Foram muitas surpresas. Sabia que 1968 havia produzido um grande impacto na sociedade, mas quando me defrontei com os acontecimentos, por mais que alguns fossem bem conhecidos, fiquei definitivamente seduzido por este período. Cito, como exemplo de episódios me espantaram particularmente, as crescentes tensões no Oriente Médio (causados pelos conflitos entre Israel e os países árabes da região) que determinaram, depois de uma conferência no Cairo, a intensificação das atividades de grupos terroristas contra Israel reunidos em torno do Fatah, fundado por Yasser Arafat. Como consequência, um ano depois, o próprio Arafat assumiria a presidência da Organização para a Libertação da Palestina (OLP). No plano nacional, fiquei bastante impactado ao esmiuçar a chamada Batalha da Rua Maria Antônia, em São Paulo, quando estudantes da USP e da Universidade Mackenzie entraram em violento choque. Ali estava bem delineada a divisão que existia no Brasil entre aqueles que combatiam a ditadura (representados pelos estudantes da USP) e os que a apoiavam (representados pelos estudantes da Mackenzie). Mas é impossível se referir a 1968 sem mencionar o Maio Francês, à Primavera de Praga e à Passeata dos Cem mil e o AI-5 no Brasil que também são retratados no livro.

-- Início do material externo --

(* Let $n=3$, and let $(\mu,\Sigma)$ satisfy the normalization below, with $X\sim\mathcal{N}(\mu,\Sigma)$. For each $i\in\{1,2,3\}$, the quantity $\alpha_i$ defined below is identifiable from the three-way ranking probabilities. That is, suppose $(\mu',\Sigma')$ also satisfies the normalization, with associated quantities $\alpha'_i$. If $\Pr\{X_a\ge X_b\ge X_c\}=\Pr\{X'_a\ge X'_b\ge X'_c\}$ for all permutations $(a,b,c)$ of $\{1,2,3\}$, where $X'\sim\mathcal{N}(\mu',\Sigma')$, then $\alpha_i=\alpha'_i$ for $i=1,2,3$.
   Context: Normalization: $\mu \in \mathbb{R}^3$, $\Sigma \in \mathbb{R}^{3\times 3}$ symmetric positive semidefinite, $\langle\mu,\mathbf{1}\rangle=0$, $\Sigma\mathbf{1}=0$, $\operatorname{Tr}(\Sigma)=3$, and $\operatorname{rank}(\Sigma)=2$. Let $$P=\begin{bmatrix}1/\sqrt6&1/\sqrt6&-2/\sqrt6\\ 1/\sqrt2&-1/\sqrt2&0\end{bmatrix}$$ and $V=PX\sim\mathcal{N}(\dot\mu,\dot\Sigma)$, with $\dot\mu=P\mu$ and $\dot\Sigma=P\Sigma P^\top$. Let $c_1=(0,1)^\top$, $c_2=(\sqrt3/2,-1/2)^\top$, and $c_3=(\sqrt3/2,1/2)^\top$. Let $\dot\Sigma^{-1/2}$ be any $2\times2$ matrix with $\dot\Sigma^{-1/2}\dot\Sigma(\dot\Sigma^{-1/2})^\top=I$, and set $\dot\Sigma^{1/2}:=((\dot\Sigma^{-1/2})^{-1})^\top$. Define $\tilde\mu=\dot\Sigma^{-1/2}\dot\mu$, $\tilde c_i=\dot\Sigma^{1/2}c_i/\|\dot\Sigma^{1/2}c_i\|$, and $\alpha_i=\tilde c_i^\top\tilde\mu$. The value of $\alpha_i$ does not depend on the choice of $\dot\Sigma^{-1/2}$. *)

theory Defs
  imports "HOL-Analysis.Analysis" "HOL-Probability.Probability"
begin

definition std_gauss3 :: "(real^3) measure" where
  "std_gauss3 = density lborel (\<lambda>z. ennreal (\<Prod>i\<in>UNIV. std_normal_density (z$i)))"

text \<open>Multivariate normal N(mu,Sigma) (possibly degenerate): law of mu + A z with
  A A^T = Sigma and z standard Gaussian.\<close>
definition gauss3 :: "real^3 \<Rightarrow> real^3^3 \<Rightarrow> (real^3) measure" where
  "gauss3 \<mu> \<Sigma> = distr std_gauss3 borel
     (\<lambda>z. \<mu> + (SOME A :: real^3^3. A ** transpose A = \<Sigma>) *v z)"

definition rank_prob :: "real^3 \<Rightarrow> real^3^3 \<Rightarrow> 3 \<Rightarrow> 3 \<Rightarrow> 3 \<Rightarrow> real" where
  "rank_prob \<mu> \<Sigma> a b c = measure (gauss3 \<mu> \<Sigma>) {x. x$a \<ge> x$b \<and> x$b \<ge> x$c}"

definition normalized :: "real^3 \<Rightarrow> real^3^3 \<Rightarrow> bool" where
  "normalized \<mu> \<Sigma> \<longleftrightarrow>
     transpose \<Sigma> = \<Sigma> \<and> (\<forall>x. 0 \<le> x \<bullet> (\<Sigma> *v x)) \<and>
     \<mu> \<bullet> (1::real^3) = 0 \<and> \<Sigma> *v (1::real^3) = 0 \<and>
     trace \<Sigma> = 3 \<and> rank \<Sigma> = 2"

definition Pmat :: "real^3^2" where
  "Pmat = vector [vector [1/sqrt 6, 1/sqrt 6, -2/sqrt 6],
                  vector [1/sqrt 2, -1/sqrt 2, 0]]"

definition cvec :: "3 \<Rightarrow> real^2" where
  "cvec i = (if i = 1 then vector [0, 1]
             else if i = 2 then vector [sqrt 3/2, -1/2]
             else vector [sqrt 3/2, 1/2])"

definition alpha :: "real^3 \<Rightarrow> real^3^3 \<Rightarrow> 3 \<Rightarrow> real" where
  "alpha \<mu> \<Sigma> i =
     (let Sd = Pmat ** \<Sigma> ** transpose Pmat;
          W = (SOME W :: real^2^2. W ** Sd ** transpose W = mat 1);
          Sh = transpose (matrix_inv W);
          mut = W *v (Pmat *v \<mu>);
          ct = (1 / norm (Sh *v cvec i)) *\<^sub>R (Sh *v cvec i)
      in ct \<bullet> mut)"

end

(*
  Whitening cancels out of alpha: if c_i picks out the pair (a, b) (P^T c_i is a positive
  multiple of e_a - e_b), then alpha_i is the standardized mean d.mu / sqrt (d^T Sigma d) of
  X_a - X_b = d.X, d = e_a - e_b. Since the kernel of Sigma is spanned by 1, d.X is normal with
  positive variance, so Pr{X_a >= X_b} = Phi(alpha_i). Ties have probability zero, hence
  Pr{X_a >= X_b} is the sum of the three ranking probabilities with a above b, and strict
  monotonicity of Phi recovers alpha_i.
*)
theory Submission
  imports Defs
begin

section \<open>Standard normal and standard Gaussian measures\<close>

definition std_normal :: "real measure" where
  "std_normal = density lborel std_normal_density"

lemma prob_space_std_normal: "prob_space std_normal"
  unfolding std_normal_def by (rule prob_space_normal_density) simp

lemma sets_std_normal [measurable_cong, simp]: "sets std_normal = sets borel"
  by (simp add: std_normal_def)

lemma null_sets_std_normal_iff: "A \<in> null_sets std_normal \<longleftrightarrow> A \<in> null_sets lborel"
proof -
  have "(x \<in> A \<longrightarrow> std_normal_density x = 0) \<longleftrightarrow> x \<notin> A" for x
    using normal_density_pos[of 1 0 x] by auto
  then have "A \<in> null_sets std_normal \<longleftrightarrow> A \<in> sets borel \<and> (AE x in lborel. x \<notin> A)"
    unfolding std_normal_def by (subst null_sets_density_iff) simp_all
  also have "\<dots> \<longleftrightarrow> A \<in> null_sets lborel"
    by (auto simp: AE_iff_null_sets AE_not_in)
  finally show ?thesis .
qed

lemma measure_std_normal_atLeast_strict_antimono:
  assumes "s < t"
  shows "measure std_normal {t..} < measure std_normal {s..}"
proof -
  interpret prob_space std_normal by (rule prob_space_std_normal)
  have "{s..<t} \<notin> null_sets lborel"
    using assms by auto
  then have "measure std_normal {s..<t} \<noteq> 0"
    by (auto simp: null_sets_std_normal_iff[symmetric] emeasure_eq_measure)
  moreover have "measure std_normal {s..} = measure std_normal {s..<t} + measure std_normal {t..}"
    using assms by (subst finite_measure_Union[symmetric]) (auto intro!: arg_cong[where f = prob])
  ultimately show ?thesis
    using measure_nonneg[of std_normal "{s..<t}"] by linarith
qed

lemma measure_std_normal_atLeast_inj:
  "measure std_normal {s..} = measure std_normal {t..} \<Longrightarrow> s = t"
  using measure_std_normal_atLeast_strict_antimono[of s t]
    measure_std_normal_atLeast_strict_antimono[of t s]
  by (cases s t rule: linorder_cases) auto

lemma PiM_lborel_density_prod:
  fixes f :: "real \<Rightarrow> ennreal" and I :: "'i set"
  assumes I: "finite I" and f [measurable]: "f \<in> borel_measurable borel"
    and prob: "prob_space (density lborel f)"
  shows "density (PiM I (\<lambda>_. lborel)) (\<lambda>x. \<Prod>i\<in>I. f (x i)) = PiM I (\<lambda>_. density lborel f)"
proof (rule product_sigma_finite.PiM_eqI[OF _ I])
  show "product_sigma_finite (\<lambda>_::'i. density lborel f)"
    using prob_space_imp_sigma_finite[OF prob] by (simp add: product_sigma_finite_def)
  show "sets (density (PiM I (\<lambda>_. lborel)) (\<lambda>x. \<Prod>i\<in>I. f (x i))) = sets (PiM I (\<lambda>_. density lborel f))"
    by (simp cong: sets_PiM_cong)
next
  fix A assume A: "\<And>i. i \<in> I \<Longrightarrow> A i \<in> sets (density lborel f)"
  interpret lborel_product: product_sigma_finite "\<lambda>_::'i. lborel :: real measure"
    by (simp add: product_sigma_finite_def lborel.sigma_finite_measure_axioms)
  have "indicator (Pi\<^sub>E I A) x = (\<Prod>i\<in>I. indicator (A i) (x i) :: ennreal)"
    if "x \<in> space (PiM I (\<lambda>_. lborel))" for x
    using that I by (auto simp: space_PiM PiE_def indicator_def Pi_iff intro!: prod.neutral)
  then have "emeasure (density (PiM I (\<lambda>_. lborel)) (\<lambda>x. \<Prod>i\<in>I. f (x i))) (Pi\<^sub>E I A)
      = (\<integral>\<^sup>+x. (\<Prod>i\<in>I. f (x i) * indicator (A i) (x i)) \<partial>PiM I (\<lambda>_. lborel))"
    using A I by (subst emeasure_density) (auto intro!: nn_integral_cong simp: prod.distrib)
  also have "\<dots> = (\<Prod>i\<in>I. emeasure (density lborel f) (A i))"
    using A I lborel_product.product_nn_integral_prod[where f="\<lambda>i y. f y * indicator (A i) y"]
    by (simp add: emeasure_density)
  finally show "emeasure (density (PiM I (\<lambda>_. lborel)) (\<lambda>x. \<Prod>i\<in>I. f (x i))) (Pi\<^sub>E I A)
      = (\<Prod>i\<in>I. emeasure (density lborel f) (A i))" .
qed

definition std_gaussian :: "'a::euclidean_space measure" where
  "std_gaussian = density lborel (\<lambda>z. \<Prod>b\<in>Basis. ennreal (std_normal_density (z \<bullet> b)))"

lemma std_gaussian_eq_distr_PiM:
  "std_gaussian = distr (PiM Basis (\<lambda>_. std_normal)) borel (\<lambda>f. \<Sum>b\<in>Basis. f b *\<^sub>R b)"
proof -
  have "std_gaussian = distr (density (PiM Basis (\<lambda>_. lborel))
      (\<lambda>f. \<Prod>b\<in>Basis. ennreal (std_normal_density ((\<Sum>b'\<in>Basis. f b' *\<^sub>R b') \<bullet> b))))
      borel (\<lambda>f. \<Sum>b\<in>Basis. f b *\<^sub>R b)"
    unfolding std_gaussian_def by (subst lborel_eq) (rule density_distr; measurable)
  also have "density (PiM Basis (\<lambda>_. lborel))
      (\<lambda>f. \<Prod>b\<in>Basis. ennreal (std_normal_density ((\<Sum>b'\<in>Basis. f b' *\<^sub>R b') \<bullet> b)))
    = density (PiM Basis (\<lambda>_. lborel)) (\<lambda>f. \<Prod>b\<in>Basis. ennreal (std_normal_density (f b)))"
    by (intro density_cong prod.cong) (auto simp: inner_sum_left inner_Basis if_distrib cong: if_cong)
  also have "\<dots> = PiM Basis (\<lambda>_. std_normal)"
    unfolding std_normal_def by (rule PiM_lborel_density_prod) (auto intro: prob_space_normal_density)
  finally show ?thesis .
qed

lemma prob_space_std_gaussian: "prob_space std_gaussian"
  unfolding std_gaussian_eq_distr_PiM
  by (intro prob_space.prob_space_distr prob_space_PiM prob_space_std_normal) measurable

lemma space_std_gaussian [simp]: "space std_gaussian = UNIV"
  by (simp add: std_gaussian_def)

lemma sets_std_gaussian [measurable_cong, simp]: "sets std_gaussian = sets borel"
  by (simp add: std_gaussian_def)

lemma prod_Basis_vec: "(\<Prod>b\<in>(Basis :: (real^'n) set). f b) = (\<Prod>i\<in>UNIV. f (axis i 1))"
proof -
  have "(Basis :: (real^'n) set) = range (\<lambda>i. axis i 1)"
    by (auto simp: Basis_vec_def)
  moreover have "inj (\<lambda>i::'n. axis i (1::real))"
    by (simp add: inj_on_def axis_eq_axis)
  ultimately show ?thesis
    using prod.reindex[of "\<lambda>i::'n. axis i (1::real)" UNIV f] by (simp add: comp_def)
qed

lemma std_gauss3_eq_std_gaussian: "std_gauss3 = std_gaussian"
  unfolding std_gauss3_def std_gaussian_def prod_Basis_vec
  by (simp add: prod_ennreal cart_eq_inner_axis)

lemma indep_vars_PiM_components:
  assumes "I \<noteq> {}" and M: "\<And>i. i \<in> I \<Longrightarrow> prob_space (M i)"
  shows "prob_space.indep_vars (PiM I M) M (\<lambda>i \<omega>. \<omega> i) I"
proof -
  interpret prob_space "PiM I M" by (rule prob_space_PiM[OF M])
  have "distr (PiM I M) (PiM I M) (\<lambda>\<omega>. \<lambda>i\<in>I. \<omega> i) = PiM I M"
    using distr_cong[of "PiM I M" "PiM I M" "PiM I M" "PiM I M" "\<lambda>\<omega>. \<lambda>i\<in>I. \<omega> i" "\<lambda>\<omega>. \<omega>"]
    by (simp add: space_PiM)
  moreover have "distr (PiM I M) (M i) (\<lambda>\<omega>. \<omega> i) = M i" if "i \<in> I" for i
    by (rule distr_PiM_component[OF M that])
  ultimately show ?thesis
    using assms(1) by (subst indep_vars_iff_distr_eq_PiM') (auto cong: PiM_cong)
qed

lemma distributed_PiM_std_normal_weighted_sum:
  fixes c :: "'i \<Rightarrow> real"
  assumes I: "finite I" and c: "\<exists>i\<in>I. c i \<noteq> 0"
  shows "distributed (PiM I (\<lambda>_. std_normal)) lborel (\<lambda>x. \<Sum>i\<in>I. c i * x i)
           (normal_density 0 (sqrt (\<Sum>i\<in>I. (c i)\<^sup>2)))"
proof -
  let ?M = "PiM I (\<lambda>_. std_normal)"
  interpret prob_space ?M by (intro prob_space_PiM prob_space_std_normal)
  define J where "J = {i\<in>I. c i \<noteq> 0}"
  have J: "finite J" "J \<noteq> {}" "J \<subseteq> I"
    using I c by (auto simp: J_def)
  have "distributed ?M lborel (\<lambda>x. x i) std_normal_density" if "i \<in> I" for i
  proof -
    have "distr ?M lborel (\<lambda>x. x i) = distr ?M std_normal (\<lambda>x. x i)"
      by (rule distr_cong) auto
    also have "\<dots> = std_normal"
      by (rule distr_PiM_component[OF prob_space_std_normal that])
    finally show ?thesis
      using that by (simp add: distributed_def std_normal_def)
  qed
  then have "distributed ?M lborel (\<lambda>x. c i * x i) (normal_density 0 \<bar>c i\<bar>)" if "i \<in> J" for i
    using normal_density_affine[of "\<lambda>x. x i" 0 1 "c i" 0] that by (simp add: J_def)
  moreover have "indep_vars (\<lambda>_. std_normal) (\<lambda>i x. x i) J"
    using indep_vars_PiM_components[of I "\<lambda>_. std_normal"] c prob_space_std_normal
    by (intro indep_vars_subset[OF _ J(3)]) auto
  then have "indep_vars (\<lambda>_. borel) (\<lambda>i x. c i * x i) J"
    by (rule indep_vars_compose2) simp
  ultimately have "distributed ?M lborel (\<lambda>x. \<Sum>i\<in>J. c i * x i)
      (normal_density (\<Sum>i\<in>J. 0) (sqrt (\<Sum>i\<in>J. \<bar>c i\<bar>\<^sup>2)))"
    by (intro sum_indep_normal[OF J(1,2)]) (auto simp: J_def)
  moreover have "(\<Sum>i\<in>J. c i * x i) = (\<Sum>i\<in>I. c i * x i)" for x
    using I by (intro sum.mono_neutral_left) (auto simp: J_def)
  moreover have "(\<Sum>i\<in>J. \<bar>c i\<bar>\<^sup>2) = (\<Sum>i\<in>I. (c i)\<^sup>2)"
    unfolding power2_abs using I by (intro sum.mono_neutral_left) (auto simp: J_def)
  ultimately show ?thesis
    by simp
qed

Ecos de 1968 na política e na economia

Na política, 1968 é marcado por uma onda de protestos em todo mundo. O que aconteceu, pelo que pesquisei, foi uma reação da juventude que se sentia acuada pelas pressões de mais de duas décadas de Guerra Fria. Por isso, ela buscava encontrar um novo rumo, uma nova ética. Foi assim que acabou tornando o que aparentava ser uma agitação esporádica numa força emergente na história contemporânea. Foi, na verdade, uma resistência aos processos de manipulação das grandes mídias que difundiam a ideologia capitalista. Paralelamente, havia também rejeição ao socialismo opressivo operado pela União Soviética nos países do leste Europeu. Os rebeldes parisienses diziam que “a humanidade só seria feliz quando o último capitalista fosse enforcado nas tripas do último burocrata stalinista”. Já no Brasil acontecia um processo de marchas e contramarchas em relação aos destinos da ditadura. Foi um ano inteiro de pressões da sociedade civil para que o regime militar chegasse ao fim com a volta da democracia. No próprio núcleo do governo existiam correntes mais e menos radicais. Acabou prevalecendo a vontade da linha dura que impôs o AI-5 e o início dos chamados Anos de Chumbo, quando, com o Congresso fechado e a censura em pleno vigor, se institucionalizou a tortura, as prisões arbitrárias e as perseguições políticas no país. No plano econômico, 1968 se caracterizou pela tentativa de o governo brasileiro controlar a inflação através de um rígido arrocho salarial. Era o preço que o capital estrangeiro cobrava para se sentir seguro no Brasil. Isso foi possível com a manutenção da classe trabalhadora em silêncio, totalmente imobilizada pela intervenção nos sindicatos. Mesmo assim, em sinal de resistência, pipocaram as primeiras greves (a de Osasco é narrada em detalhes no livro) num prenúncio do que aconteceria pouco mais de uma década depois com o surgimento do Partido dos Trabalhadores (PT).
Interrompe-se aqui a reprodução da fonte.